__Problem statement__:
The required result is each line of the entries below containing the string "thesis".

__Stored items__:
lemma sum_lessThan_blocks:
  fixes n :: "nat \<Rightarrow> nat"
  assumes "n 0 = 0" and "mono n"
  shows "sum g {..<n J} = (\<Sum>j<J. sum g {n j..<n (Suc j)})"
proof (induction J)
  case 0
  then show ?case
    using assms(1) by simp
next
  case (Suc J)
  have "sum g {..<n (Suc J)} = sum g {..<n J} + sum g {n J..<n (Suc J)}"
    using sum.atLeastLessThan_concat[of 0 "n J" "n (Suc J)" g] monoD[OF assms(2), of J "Suc J"]
    by (simp add: atLeast0LessThan)
  then show ?case
    using Suc.IH by simp
qed

lemma ennreal_suminf_greater_obtain_block:
  fixes g :: "nat \<Rightarrow> real"
  assumes "n 0 = 0" and "strict_mono n" and "\<And>i. 0 \<le> g i" and "0 \<le> t"
    and "ennreal t < (\<Sum>i. ennreal (g i))"
  obtains j where "t / 2 ^ Suc j < sum g {n j..<n (Suc j)}"
proof (rule ccontr)
  assume "\<not> thesis"
  then have blocks: "sum g {n j..<n (Suc j)} \<le> t / 2 ^ Suc j" for j
    using that by (meson not_less)
  obtain N where "ennreal t < (\<Sum>i<N. ennreal (g i))"
    using assms(5) by (auto simp: suminf_eq_SUP less_SUP_iff)
  then have "t < sum g {..<N}"
    using assms(3,4) by (simp add: ennreal_less_iff)
  also have "\<dots> \<le> sum g {..<n N}"
    using seq_suble[OF assms(2), of N] assms(3) by (intro sum_mono2) auto
  also have "\<dots> = (\<Sum>j<N. sum g {n j..<n (Suc j)})"
    using assms(1) strict_mono_mono[OF assms(2)] by (rule sum_lessThan_blocks)
  also have "\<dots> \<le> (\<Sum>j<N. t / 2 ^ Suc j)"
    using blocks by (rule sum_mono)
  also have "\<dots> \<le> t"
    using sums_half_powers[of t] assms(4)
    by (metis sums_summable sums_unique sum_le_suminf finite_lessThan divide_nonneg_pos zero_less_power zero_less_numeral)
  finally show False
    by simp
qed

lemma hausdorff_content_weighted_series_level_le_blocks:
  fixes x :: "nat \<Rightarrow> 'a::metric_space" and n :: "nat \<Rightarrow> nat"
  assumes r: "\<And>i. 0 \<le> r i" and c: "\<And>i. 0 \<le> c i" and t: "0 < t" and q: "0 \<le> q"
    and n: "n 0 = 0" "strict_mono n"
  shows "hausdorff_content q {y. ennreal t < (\<Sum>i. ennreal (if y \<in> cball (x i) (r i) then c i else 0))}
           \<le> (\<Sum>j. ennreal ((\<Sum>i\<in>{n j..<n (Suc j)}. c i * (6 * r i) powr q) / (t / 2 ^ Suc j)))"
proof -
  define L where
    "L j = {y. t / 2 ^ Suc j < (\<Sum>i\<in>{n j..<n (Suc j)}. if y \<in> cball (x i) (r i) then c i else 0)}" for j
  have "{y. ennreal t < (\<Sum>i. ennreal (if y \<in> cball (x i) (r i) then c i else 0))} \<subseteq> (\<Union>j. L j)"
  proof
    fix y
    assume "y \<in> {y. ennreal t < (\<Sum>i. ennreal (if y \<in> cball (x i) (r i) then c i else 0))}"
    then have y: "ennreal t < (\<Sum>i. ennreal (if y \<in> cball (x i) (r i) then c i else 0))"
      by simp
    have "0 \<le> (if y \<in> cball (x i) (r i) then c i else 0)" for i
      using c[of i] by simp
    then obtain j where "t / 2 ^ Suc j < (\<Sum>i\<in>{n j..<n (Suc j)}. if y \<in> cball (x i) (r i) then c i else 0)"
      by (rule ennreal_suminf_greater_obtain_block[OF n _ less_imp_le[OF t] y])
    then show "y \<in> (\<Union>j. L j)"
      by (auto simp: L_def)
  qed
  then have "hausdorff_content q {y. ennreal t < (\<Sum>i. ennreal (if y \<in> cball (x i) (r i) then c i else 0))}
               \<le> hausdorff_content q (\<Union>j. L j)"
    by (rule hausdorff_content_mono)
  also have "\<dots> \<le> (\<Sum>j. hausdorff_content q (L j))"
    by (rule hausdorff_content_countable_subadditive)
  also have "\<dots> \<le> (\<Sum>j. ennreal ((\<Sum>i\<in>{n j..<n (Suc j)}. c i * (6 * r i) powr q) / (t / 2 ^ Suc j)))"
    unfolding L_def using r c t q by (intro suminf_le hausdorff_content_weighted_level_le) auto
  finally show ?thesis .
qed

text \<open>Cutting the series into blocks whose sums decay like \<open>4 ^ -j\<close> and giving block \<open>j\<close> the
  threshold \<open>t / 2 ^ Suc j\<close> keeps the total cost finite.\<close>

lemma hausdorff_content_weighted_series_level_le:
  fixes x :: "nat \<Rightarrow> 'a::metric_space"
  assumes r: "\<And>i. 0 \<le> r i" and c: "\<And>i. 0 \<le> c i" and t: "0 < t" and q: "0 \<le> q"
    and summable: "summable (\<lambda>i. c i * (6 * r i) powr q)"
  shows "hausdorff_content q {y. ennreal t < (\<Sum>i. ennreal (if y \<in> cball (x i) (r i) then c i else 0))}
           \<le> ennreal (4 * (\<Sum>i. c i * (6 * r i) powr q) / t)"
proof (rule ennreal_le_epsilon)
  fix e :: real
  assume "0 < e"
  define w where "w i = c i * (6 * r i) powr q" for i
  define K where "K = suminf w"
  have w: "\<And>i. 0 \<le> w i" "summable w"
    using c summable by (simp_all add: w_def[abs_def])
  have "0 \<le> K"
    unfolding K_def using w by (rule suminf_nonneg[rotated])
  have "suminf w < K + e * t / 4"
    using \<open>0 < e\<close> t by (simp add: K_def)
  then obtain n where n: "n 0 = 0" "strict_mono n" "\<And>j. sum w {n j..<n (Suc j)} \<le> (K + e * t / 4) / 4 ^ j"
    by (rule summable_obtain_blocks[OF w(2,1)]) (rule that)
  have block: "sum w {n j..<n (Suc j)} / (t / 2 ^ Suc j) \<le> (4 * K / t + e) / 2 ^ Suc j" for j
  proof -
    have "(4::real) ^ j = 2 ^ j * 2 ^ j"
      by (simp flip: power_mult_distrib)
    with n(3)[of j] have "sum w {n j..<n (Suc j)} * (2 ^ j * 2 ^ j) \<le> K + e * t / 4"
      by (simp add: field_simps)
    then show ?thesis
      using t by (simp add: field_simps)
  qed
  have "hausdorff_content q {y. ennreal t < (\<Sum>i. ennreal (if y \<in> cball (x i) (r i) then c i else 0))}
          \<le> (\<Sum>j. ennreal (sum w {n j..<n (Suc j)} / (t / 2 ^ Suc j)))"
    unfolding w_def using r c t q n(1,2) by (rule hausdorff_content_weighted_series_level_le_blocks)
  also have "\<dots> \<le> (\<Sum>j. ennreal ((4 * K / t + e) / 2 ^ Suc j))"
    using block by (intro suminf_le ennreal_leI) auto
  also have "\<dots> = ennreal (4 * K / t + e)"
    using \<open>0 \<le> K\<close> \<open>0 < e\<close> t by (intro suminf_ennreal_half_powers) simp
  finally show "hausdorff_content q {y. ennreal t < (\<Sum>i. ennreal (if y \<in> cball (x i) (r i) then c i else 0))}
                  \<le> ennreal (4 * (\<Sum>i. c i * (6 * r i) powr q) / t) + ennreal e"
    using \<open>0 \<le> K\<close> \<open>0 < e\<close> t by (simp add: K_def w_def[abs_def] ennreal_plus)
qed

__Response for this exercise__:
  assume "\<not> thesis"
  finally show ?thesis .
    then show ?thesis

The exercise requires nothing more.